Domenica 26 gennaio – 3° del Tempo Ordinario (anno A)

I PIEDI E LE RETI

(Mt 4, 12-23)

 

   In un contesto culturale in cui è molto più facile chiudersi, cedere al sospetto, generare divisioni, bastano due mosse geniali di apertura per narrare la nascita della Chiesa dalla fede in Gesù: piedi che camminano e reti gettate in mare.

   I piedi: Gesù impara a diventare Figlio camminando, smarcandosi da Giovanni Battista, decidendo di attraversare la Galilea e di abitare nella città di Cafarnao, luogo di incrocio tra genti diverse e storie sconosciute. Solo uscendo dalla sicurezza della propria patria ci si educa a sentirsi a casa davvero, a diventare cittadini del mondo. La Chiesa, dunque, nasce e si forma camminando, perché la fede non ha altra figura se non questa; Gesù stesso ha colto la presenza del Padre attraverso il suo corpo che cammina, grazie alla polvere della strada depositata sui suoi piedi.

   Le reti: Gesù consegna il futuro dell’annuncio del Regno ad alcuni pescatori, abituati assai più all’imprevedibilità del mare, piuttosto che alla sicurezza della terraferma. E in ogni caso la sua chiamata non chiede di lasciare la condizione in cui si vive, ma di rielaborarla in modo nuovo e sovrabbondante. Pietro e Andrea si muovono con il loro carattere veemente (lo si scoprirà più avanti nel racconto evangelico), imparando però a “mettersi dietro” al Maestro, per evitare progressioni esagerate. Giacomo e Giovanni, al contrario, sottomessi a genitori possessivi (si limitano a riassettare le reti, lavorano con il padre, la madre chiederà per loro privilegi), vengono liberati alla vita adulta fino ad essere chiamati “figli del tuono”. Geniale! In questo modo Gesù non consegna la sua futura comunità a freddi pastori che si limitano a controllare i recinti, dimentichi del loro personale percorso umano di conversione, né a burocrati che gestiscono tradizioni stanche e stantie, ma a testimoni fiduciosi, che non hanno paura di gettare la rete al largo, di lavorare sul loro carattere e sul loro passato non certo perfetto, che non hanno timore di salpare verso mete sconosciute, o quando si tratta di aprire strade e di anticipare processi di liberazione.

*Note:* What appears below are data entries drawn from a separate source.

(* By the D-property, a continuous real function on a compact set K is uniformly close to
   a finite sum of functions x \<mapsto> u (f x) with f in \<A> and u continuous. As f maps K into
   a compact interval, the univariate approximation property replaces each u by a combination
   of neurons t \<mapsto> c \<sigma>(w t - \<theta>); applied to the coordinates of g this gives single hidden
   layer approximants. Depth grows one layer at a time: a depth-l network H close to g is
   bounded on K, and feeding every output coordinate of H through an approximation
   t \<approx> \<Sum>j c_j \<sigma>(\<alpha>_j t - \<beta>_j) of the identity on a bounding interval yields a network of
   depth l + 1 that is uniformly close to H. *)

theory Submission
  imports Defs
begin

definition uniformly_approximable ::
    "'a set \<Rightarrow> ('a \<Rightarrow> 'b::real_normed_vector) set \<Rightarrow> ('a \<Rightarrow> 'b) \<Rightarrow> bool" where
  "uniformly_approximable K C g \<longleftrightarrow> (\<forall>\<epsilon>>0. \<exists>H\<in>C. \<forall>x\<in>K. norm (g x - H x) \<le> \<epsilon>)"

lemma uniformly_approximableI:
  "(\<And>\<epsilon>. \<epsilon> > 0 \<Longrightarrow> \<exists>H\<in>C. \<forall>x\<in>K. norm (g x - H x) \<le> \<epsilon>) \<Longrightarrow> uniformly_approximable K C g"
  unfolding uniformly_approximable_def by blast

lemma uniformly_approximableD:
  "uniformly_approximable K C g \<Longrightarrow> \<epsilon> > 0 \<Longrightarrow> \<exists>H\<in>C. \<forall>x\<in>K. norm (g x - H x) \<le> \<epsilon>"
  unfolding uniformly_approximable_def by blast

lemma uniformly_approximable_strict:
  assumes "uniformly_approximable K C g" "\<epsilon> > 0"
  shows "\<exists>H\<in>C. \<exists>\<delta><\<epsilon>. \<forall>x\<in>K. norm (g x - H x) \<le> \<delta>"
proof -
  obtain H where "H \<in> C" "\<And>x. x \<in> K \<Longrightarrow> norm (g x - H x) \<le> \<epsilon> / 2"
    using uniformly_approximableD[OF assms(1), where \<epsilon> = "\<epsilon> / 2"] \<open>\<epsilon> > 0\<close> by auto
  then show ?thesis
    using \<open>\<epsilon> > 0\<close> by (intro bexI[of _ H] exI[of _ "\<epsilon> / 2"]) auto
qed

lemma uniformly_approximable_mono:
  "uniformly_approximable K C g \<Longrightarrow> C \<subseteq> C' \<Longrightarrow> uniformly_approximable K C' g"
  unfolding uniformly_approximable_def by blast

lemma uniformly_approximable_trans:
  assumes "uniformly_approximable K C g" "\<And>H. H \<in> C \<Longrightarrow> uniformly_approximable K C' H"
  shows "uniformly_approximable K C' g"
proof (rule uniformly_approximableI)
  fix \<epsilon> :: real assume "\<epsilon> > 0"
  then obtain H where "H \<in> C" and H: "\<And>x. x \<in> K \<Longrightarrow> norm (g x - H x) \<le> \<epsilon> / 2"
    using uniformly_approximableD[OF assms(1), where \<epsilon> = "\<epsilon> / 2"] \<open>\<epsilon> > 0\<close> by auto
  then obtain H' where "H' \<in> C'" and H': "\<And>x. x \<in> K \<Longrightarrow> norm (H x - H' x) \<le> \<epsilon> / 2"
    using uniformly_approximableD[OF assms(2)[OF \<open>H \<in> C\<close>], where \<epsilon> = "\<epsilon> / 2"] \<open>\<epsilon> > 0\<close>
    by auto
  have "norm (g x - H' x) \<le> \<epsilon>" if "x \<in> K" for x
    using norm_diff_triangle_le[OF H[OF that] H'[OF that]] by simp
  then show "\<exists>H\<in>C'. \<forall>x\<in>K. norm (g x - H x) \<le> \<epsilon>"
    using \<open>H' \<in> C'\<close> by blast
qed

lemma uniformly_approximable_bounded:
  assumes "uniformly_approximable K C g" "bounded (g ` K)"
  shows "uniformly_approximable K {H \<in> C. bounded (H ` K)} g"
proof (rule uniformly_approximableI)
  fix \<epsilon> :: real assume "\<epsilon> > 0"
  then obtain H where "H \<in> C" and H: "\<And>x. x \<in> K \<Longrightarrow> norm (g x - H x) \<le> \<epsilon>"
    using uniformly_approximableD[OF assms(1) \<open>\<epsilon> > 0\<close>] by blast
  obtain B where B: "\<And>x. x \<in> K \<Longrightarrow> norm (g x) \<le> B"
    using assms(2) unfolding bounded_iff by blast
  have "norm (H x) \<le> B + \<epsilon>" if "x \<in> K" for x
    using norm_triangle_ineq2[of "H x" "g x"] norm_minus_commute[of "H x" "g x"] B[OF that] H[OF that]
    by linarith
  then have "bounded (H ` K)"
    unfolding bounded_iff by blast
  then show "\<exists>H\<in>{H \<in> C. bounded (H ` K)}. \<forall>x\<in>K. norm (g x - H x) \<le> \<epsilon>"
    using \<open>H \<in> C\<close> H by blast
qed

lemma uniformly_approximable_add:
  assumes "uniformly_approximable K C g" "uniformly_approximable K C h"
    and "\<And>G H. G \<in> C \<Longrightarrow> H \<in> C \<Longrightarrow> (\<lambda>x. G x + H x) \<in> C"
  shows "uniformly_approximable K C (\<lambda>x. g x + h x)"
proof (rule uniformly_approximableI)
  fix \<epsilon> :: real assume "\<epsilon> > 0"
  then obtain G where "G \<in> C" and G: "\<And>x. x \<in> K \<Longrightarrow> norm (g x - G x) \<le> \<epsilon> / 2"
    using uniformly_approximableD[OF assms(1), where \<epsilon> = "\<epsilon> / 2"] \<open>\<epsilon> > 0\<close> by auto
  obtain H where "H \<in> C" and H: "\<And>x. x \<in> K \<Longrightarrow> norm (h x - H x) \<le> \<epsilon> / 2"
    using uniformly_approximableD[OF assms(2), where \<epsilon> = "\<epsilon> / 2"] \<open>\<epsilon> > 0\<close> by auto
  have "norm ((g x + h x) - (G x + H x)) \<le> \<epsilon>" if "x \<in> K" for x
    using norm_diff_triangle_ineq[of "g x" "h x" "G x" "H x"] G[OF that] H[OF that] by linarith
  then show "\<exists>F\<in>C. \<forall>x\<in>K. norm ((g x + h x) - F x) \<le> \<epsilon>"
    using assms(3)[OF \<open>G \<in> C\<close> \<open>H \<in> C\<close>] by (intro bexI[of _ "\<lambda>x. G x + H x"]) auto
qed

lemma uniformly_approximable_sum:
  assumes "finite I" "(\<lambda>x. 0) \<in> C"
    and "\<And>G H. G \<in> C \<Longrightarrow> H \<in> C \<Longrightarrow> (\<lambda>x. G x + H x) \<in> C"
    and "\<And>i. i \<in> I \<Longrightarrow> uniformly_approximable K C (F i)"
  shows "uniformly_approximable K C (\<lambda>x. \<Sum>i\<in>I. F i x)"
  using assms(1,4)
proof (induction I rule: finite_induct)
  case empty
  show ?case
    using assms(2) by (intro uniformly_approximableI bexI[of _ "\<lambda>x. 0"]) auto
next
  case (insert i I)
  then show ?case
    by (simp add: uniformly_approximable_add assms(3))
qed

lemma uniformly_approximable_comp:
  assumes "uniformly_approximable S C u" "f ` K \<subseteq> S"
  shows "uniformly_approximable K ((\<lambda>P x. P (f x)) ` C) (\<lambda>x. u (f x))"
proof (rule uniformly_approximableI)
  fix \<epsilon> :: real assume "\<epsilon> > 0"
  then obtain P where "P \<in> C" "\<forall>t\<in>S. norm (u t - P t) \<le> \<epsilon>"
    using uniformly_approximableD[OF assms(1)] by blast
  then show "\<exists>H\<in>(\<lambda>P x. P (f x)) ` C. \<forall>x\<in>K. norm (u (f x) - H x) \<le> \<epsilon>"
    using assms(2) by (intro bexI[of _ "\<lambda>x. P (f x)"]) auto
qed

lemma uniformly_approximable_scaleR:
  fixes h :: "'a \<Rightarrow> real"
  assumes "uniformly_approximable K C h"
  shows "uniformly_approximable K ((\<lambda>P x. P x *\<^sub>R v) ` C) (\<lambda>x. h x *\<^sub>R v)"
proof (rule uniformly_approximableI)
  fix \<epsilon> :: real assume "\<epsilon> > 0"
  have "norm v + 1 > 0"
    by (simp add: add_nonneg_pos)
  then have "\<epsilon> / (norm v + 1) > 0"
    using \<open>\<epsilon> > 0\<close> by simp
  then obtain P where "P \<in> C" and P: "\<forall>x\<in>K. norm (h x - P x) \<le> \<epsilon> / (norm v + 1)"
    using uniformly_approximableD[OF assms] by blast
  have "norm (h x *\<^sub>R v - P x *\<^sub>R v) \<le> \<epsilon>" if "x \<in> K" for x
  proof -
    have "norm (h x *\<^sub>R v - P x *\<^sub>R v) = norm (h x - P x) * norm v"
      unfolding scaleR_diff_left[symmetric] norm_scaleR real_norm_def ..
    also have "\<dots> \<le> \<epsilon> / (norm v + 1) * (norm v + 1)"
      using P that \<open>\<epsilon> > 0\<close> by (intro mult_mono) auto
    also have "\<dots> = \<epsilon>"
      using \<open>norm v + 1 > 0\<close> by simp
    finally show ?thesis .
  qed
  then show "\<exists>H\<in>(\<lambda>P x. P x *\<^sub>R v) ` C. \<forall>x\<in>K. norm (h x *\<^sub>R v - H x) \<le> \<epsilon>"
    using \<open>P \<in> C\<close> by (intro bexI[of _ "\<lambda>x. P x *\<^sub>R v"]) auto
qed

lemma sum_lessThan_add:
  "(\<Sum>p<k + n. g p) = (\<Sum>p<k. g p) + (\<Sum>p<n. g (k + p))"
  for g :: "nat \<Rightarrow> 'b::comm_monoid_add"
  by (induction n) (simp_all add: add.assoc)

lemma hid_fun_upd_below:
  "j < l \<Longrightarrow> hid \<sigma> (ks(l := k)) (As(l := A)) (bs(l := b)) z j = hid \<sigma> ks As bs z j"
  by (induction j) auto

lemma hid_fun_upd_top:
  assumes "l \<ge> 1"
  shows "hid \<sigma> (ks(l := k)) (As(l := A)) (bs(l := b)) z l =
    (\<lambda>i. \<sigma> ((\<Sum>p<ks (l - 1). A i p * hid \<sigma> ks As bs z (l - 1) p) - b i))"
proof -
  obtain j where l: "l = Suc j"
    using assms by (cases l) auto
  then show ?thesis
    by (simp add: hid_fun_upd_below)
qed

lemma NN_1_eq:
  "NN \<A> \<sigma> 1 = {H. \<exists>(k::nat) f w \<theta> Aout bout. (\<forall>i<k. f i \<in> \<A>) \<and>
      H = (\<lambda>x. (\<chi> r. \<Sum>p<k. Aout r p * \<sigma> (w p * f p x - \<theta> p)) - bout)}"
  unfolding NN_def
  by simp (intro Collect_cong iffI; (blast | (elim exE conjE, rule exI[of _ "\<lambda>_. _"], blast)))

lemma NN_1_zero: "(\<lambda>x. 0) \<in> NN \<A> \<sigma> 1"
  unfolding NN_1_eq
  by (intro CollectI exI[of _ "0::nat"] exI[of _ 0]) (simp add: fun_eq_iff)

lemma NN_1_neuron:
  "f \<in> \<A> \<Longrightarrow> (\<lambda>x. (c * \<sigma> (w * f x - \<theta>)) *\<^sub>R v) \<in> NN \<A> \<sigma> 1"
  unfolding NN_1_eq
  by (intro CollectI exI[of _ 1] exI[of _ "\<lambda>_. f"] exI[of _ "\<lambda>_. w"] exI[of _ "\<lambda>_. \<theta>"]
      exI[of _ "\<lambda>r p. c * v $ r"] exI[of _ 0]) (auto simp: vec_eq_iff)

   Bella una Chiesa così! Non ideale, perché vivrà sempre nella complessità della storia e bisognosa di perdono, ma felice di avere piedi che camminano e non zavorre che appesantiscono, riconoscente di poter contare su guide che non restringono, ma allargano orizzonti e battono sentieri inesplorati.

   Una comunità così, proprio perché fragile, diventerebbe giorno per giorno sale un po’ più saporito e lievito un po’ più raffinato, senza avere bisogno di particolari effetti speciali. Bastano i piedi e le reti e qualcuno ricomincerebbe a muoversi, ritrovando nell’aria e nell’acqua spostate da quei passi e dagli scafi di quelle barche la presenza discreta, eppure potente, del Signore Gesù che dà la vita.

   È così che la Chiesa rinasce ogni volta dal suo Signore, magari in terre diverse, in luoghi inattesi. E se tutto ciò esigerà che molte cose, ormai prive di futuro, inevitabilmente muoiano, la gioia per la scioltezza dei piedi e delle reti sarà più forte di ogni rancore, accendendo il desiderio di seguire le orme del Figlio di Dio, che cammina sempre e ostinatamente in avanti.